|Alcatraz Island with the fog rolling under the Golden Gate Bridge – Photo by C.G.
“You break the rules, you go to prison. You break the rules of the prison, you go to Alcatraz.” This anonymous quote welcome you in big block letters at the ferry landing on Alcatraz Island. The maximum security penitentiary added the loss of freedom to cruelly gorgeous views on the vibrant city of San Francisco where city streets were abuzz with life. Escaping the rock became on obsession for these men. That, and for a few others, hosing down daisies.
Alcatraz is not just a famous prison visit. If you want to see Alcatraz through a different lens, board the earliest ferry on a Friday or Sunday morning and visit the gardens of Alcatraz
. They’ll tell you the story of 150 years of human occupation.
When we got to Pier 33 for the ferry, we really felt like tourists. Not just because we were going to Alcatraz – something most San Franciscans never do – but because of the lines. On that odd sunny and warm September day, hundreds were swarming around the pier, browsing brochures, reading guidebooks, and checking their watches.

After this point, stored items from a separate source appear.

lemma sbm_row_lower_tail:
  fixes u :: "nat \<Rightarrow> real"
  assumes v: "v < n" and P: "\<And>k l. 0 \<le> P k l \<and> P k l \<le> 1" and P_sym: "\<And>k l. P k l = P l k"
    and u: "\<And>w. \<bar>u w\<bar> \<le> 1" and s: "0 < s" "s \<le> 1"
  shows "measure_pmf.prob (sbm_pmf n P c)
           {x. (\<Sum>w<n. u w * of_bool (sym_matrix x v w)) \<le> (\<Sum>w<n. u w * P (c v) (c w)) - \<tau>}
         \<le> exp (- s * \<tau> + s^2 * (\<Sum>w<n. P (c v) (c w)))"
proof -
  define \<phi> where "\<phi> w = (min v w, max v w)" for w
  have inj: "inj_on \<phi> {..<n}"
    by (auto simp: inj_on_def \<phi>_def min_def max_def split: if_splits)
  have sub: "\<phi> ` {..<n} \<subseteq> upper_pairs n"
    using v by (auto simp: \<phi>_def upper_pairs_def min_def max_def)
  define pr where "pr = (\<lambda>(i, j). P (c i) (c j))"
  have pr_\<phi>: "pr (\<phi> w) = P (c v) (c w)" for w
    by (auto simp: pr_def \<phi>_def min_def max_def P_sym)
  have sym_matrix_\<phi>: "sym_matrix x v w = x (\<phi> w)" for x w
    by (simp add: sym_matrix_def \<phi>_def)
  have pmf_eq: "sbm_pmf n P c = Pi_pmf (upper_pairs n) False (\<lambda>q. bernoulli_pmf (pr q))"
    by (simp add: sbm_pmf_def pr_def case_prod_unfold)
  have "measure_pmf.prob (sbm_pmf n P c)
          {x. (\<Sum>w<n. u w * of_bool (x (\<phi> w))) \<le> (\<Sum>w<n. u w * pr (\<phi> w)) - \<tau>}
        \<le> exp (- s * \<tau> + s^2 * (\<Sum>w<n. pr (\<phi> w)))"
    unfolding pmf_eq
    by (rule prob_Pi_bernoulli_weighted_sum_le[OF finite_upper_pairs finite_lessThan inj sub _ u s])
       (use P in \<open>auto simp: pr_def\<close>)
  then show ?thesis
    by (simp only: pr_\<phi> sym_matrix_\<phi>)
qed

definition row_below_half_mean ::
    "nat \<Rightarrow> (nat \<Rightarrow> nat \<Rightarrow> real) \<Rightarrow> (nat \<Rightarrow> nat) \<Rightarrow> (nat \<Rightarrow> nat \<Rightarrow> real) \<Rightarrow> (nat \<times> nat \<Rightarrow> bool) set" where
  "row_below_half_mean n P c u =
     {x. \<exists>v<n. (\<Sum>w<n. u v w * of_bool (sym_matrix x v w)) \<le> (\<Sum>w<n. u v w * P (c v) (c w)) / 2}"

lemma prob_row_below_half_mean_le:
  fixes u :: "nat \<Rightarrow> nat \<Rightarrow> real" and \<kappa> a :: real
  assumes P: "\<And>k l. 0 \<le> P k l \<and> P k l \<le> 1" and P_sym: "\<And>k l. P k l = P l k"
    and u: "\<And>v w. \<bar>u v w\<bar> \<le> 1" and \<kappa>: "0 < \<kappa>" "\<kappa> \<le> 16"
    and mean: "\<And>v. v < n \<Longrightarrow> \<kappa> * a \<le> (\<Sum>w<n. u v w * P (c v) (c w))"
    and degree: "\<And>v. v < n \<Longrightarrow> (\<Sum>w<n. P (c v) (c w)) \<le> 4 * a"
  shows "measure_pmf.prob (sbm_pmf n P c) (row_below_half_mean n P c u) \<le> real n * exp (- (\<kappa>^2 * a / 64))"
proof -
  define M where "M = sbm_pmf n P c"
  define B where "B v = {x. (\<Sum>w<n. u v w * of_bool (sym_matrix x v w)) \<le> (\<Sum>w<n. u v w * P (c v) (c w)) / 2}"
    for v
  have row: "measure_pmf.prob M (B v) \<le> exp (- (\<kappa>^2 * a / 64))" if v: "v < n" for v
  proof -
    define \<mu> where "\<mu> = (\<Sum>w<n. u v w * P (c v) (c w))"
    have "measure_pmf.prob M (B v) \<le> exp (- (\<kappa> / 16) * (\<mu> / 2) + (\<kappa> / 16)^2 * (\<Sum>w<n. P (c v) (c w)))"
      using sbm_row_lower_tail[where P = P and u = "u v" and s = "\<kappa> / 16" and c = c and \<tau> = "\<mu> / 2",
          OF v P P_sym u] \<kappa>
      by (simp add: M_def B_def \<mu>_def)
    also have "\<dots> \<le> exp (- (\<kappa>^2 * a / 64))"
    proof -
      have "(\<kappa> / 16) * (\<kappa> * a) \<le> (\<kappa> / 16) * \<mu>"
        using mean[OF v] \<kappa> by (simp add: \<mu>_def)
      moreover have "(\<kappa> / 16)^2 * (\<Sum>w<n. P (c v) (c w)) \<le> (\<kappa> / 16)^2 * (4 * a)"
        using degree[OF v] by (intro mult_left_mono) auto
      ultimately show ?thesis
        by (simp add: power2_eq_square)
    qed
    finally show ?thesis .
  qed
  have "row_below_half_mean n P c u = (\<Union>v<n. B v)"
    by (auto simp: row_below_half_mean_def B_def)
  then have "measure_pmf.prob M (row_below_half_mean n P c u) \<le> (\<Sum>v<n. measure_pmf.prob M (B v))"
    by (simp add: measure_pmf.finite_measure_subadditive_finite)
  also have "\<dots> \<le> (\<Sum>v<n. exp (- (\<kappa>^2 * a / 64)))"
    by (rule sum_mono) (use row in auto)
  finally show ?thesis
    by (simp add: M_def)
qed

lemma sbm_prob_ge_if_rows_above_half_mean:
  fixes u\<^sub>1 u\<^sub>2 :: "nat \<Rightarrow> nat \<Rightarrow> real" and \<kappa> a :: real
  assumes P: "\<And>k l. 0 \<le> P k l \<and> P k l \<le> 1" and P_sym: "\<And>k l. P k l = P l k"
    and u: "\<And>v w. \<bar>u\<^sub>1 v w\<bar> \<le> 1" "\<And>v w. \<bar>u\<^sub>2 v w\<bar> \<le> 1" and \<kappa>: "0 < \<kappa>" "\<kappa> \<le> 16"
    and mean: "\<And>v. v < n \<Longrightarrow> \<kappa> * a \<le> (\<Sum>w<n. u\<^sub>1 v w * P (c v) (c w))"
      "\<And>v. v < n \<Longrightarrow> \<kappa> * a \<le> (\<Sum>w<n. u\<^sub>2 v w * P (c v) (c w))"
    and degree: "\<And>v. v < n \<Longrightarrow> (\<Sum>w<n. P (c v) (c w)) \<le> 4 * a"
    and good: "\<And>x. x \<notin> row_below_half_mean n P c u\<^sub>1 \<Longrightarrow> x \<notin> row_below_half_mean n P c u\<^sub>2
                 \<Longrightarrow> sym_matrix x \<in> E"
  shows "1 - 2 * real n * exp (- (\<kappa>^2 * a / 64)) \<le> sbm_prob n P c E"
proof -
  define M where "M = sbm_pmf n P c"
  define B where "B = row_below_half_mean n P c u\<^sub>1 \<union> row_below_half_mean n P c u\<^sub>2"
  have "measure_pmf.prob M B
      \<le> measure_pmf.prob M (row_below_half_mean n P c u\<^sub>1)
        + measure_pmf.prob M (row_below_half_mean n P c u\<^sub>2)"
    unfolding B_def by (rule measure_Un_le) auto
  also have "\<dots> \<le> 2 * real n * exp (- (\<kappa>^2 * a / 64))"
    using prob_row_below_half_mean_le[where u = u\<^sub>1 and P = P and c = c and a = a and n = n,
        OF P P_sym u(1) \<kappa> mean(1) degree]
      prob_row_below_half_mean_le[where u = u\<^sub>2 and P = P and c = c and a = a and n = n,
        OF P P_sym u(2) \<kappa> mean(2) degree]
    by (simp add: M_def)
  finally have "1 - 2 * real n * exp (- (\<kappa>^2 * a / 64)) \<le> measure_pmf.prob M (UNIV - B)"
    using measure_pmf.prob_compl[of B M] by simp
  also have "\<dots> \<le> measure_pmf.prob M {x. sym_matrix x \<in> E}"
    using good by (intro measure_pmf.finite_measure_mono) (auto simp: B_def)
  also have "\<dots> = sbm_prob n P c E"
    using P by (simp add: M_def sbm_prob_eq_measure_sbm_pmf)
  finally show ?thesis .
qed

Finally our ferry was announced and we walked along roped lines, smiled for the compulsory “I’ve been there” Alcatraz picture with a sunny backdrop, and hopped on board. Everybody rushed to the upper open deck. We found a nice table downstairs with four chairs and enjoyed the ride. Fifteen minutes later, we disembarked. It felt good to escape the crowds.
Visiting the gardens of Alcatraz was part of the plan for my family hiking guidebook and a ranger had told me roughly where to find the group. We hurried along the ramps, got to the prisoners gardens too early, backtracked and found the docent leading 50 people and holding old photos of the gardens. I didn’t realize how popular this tour was!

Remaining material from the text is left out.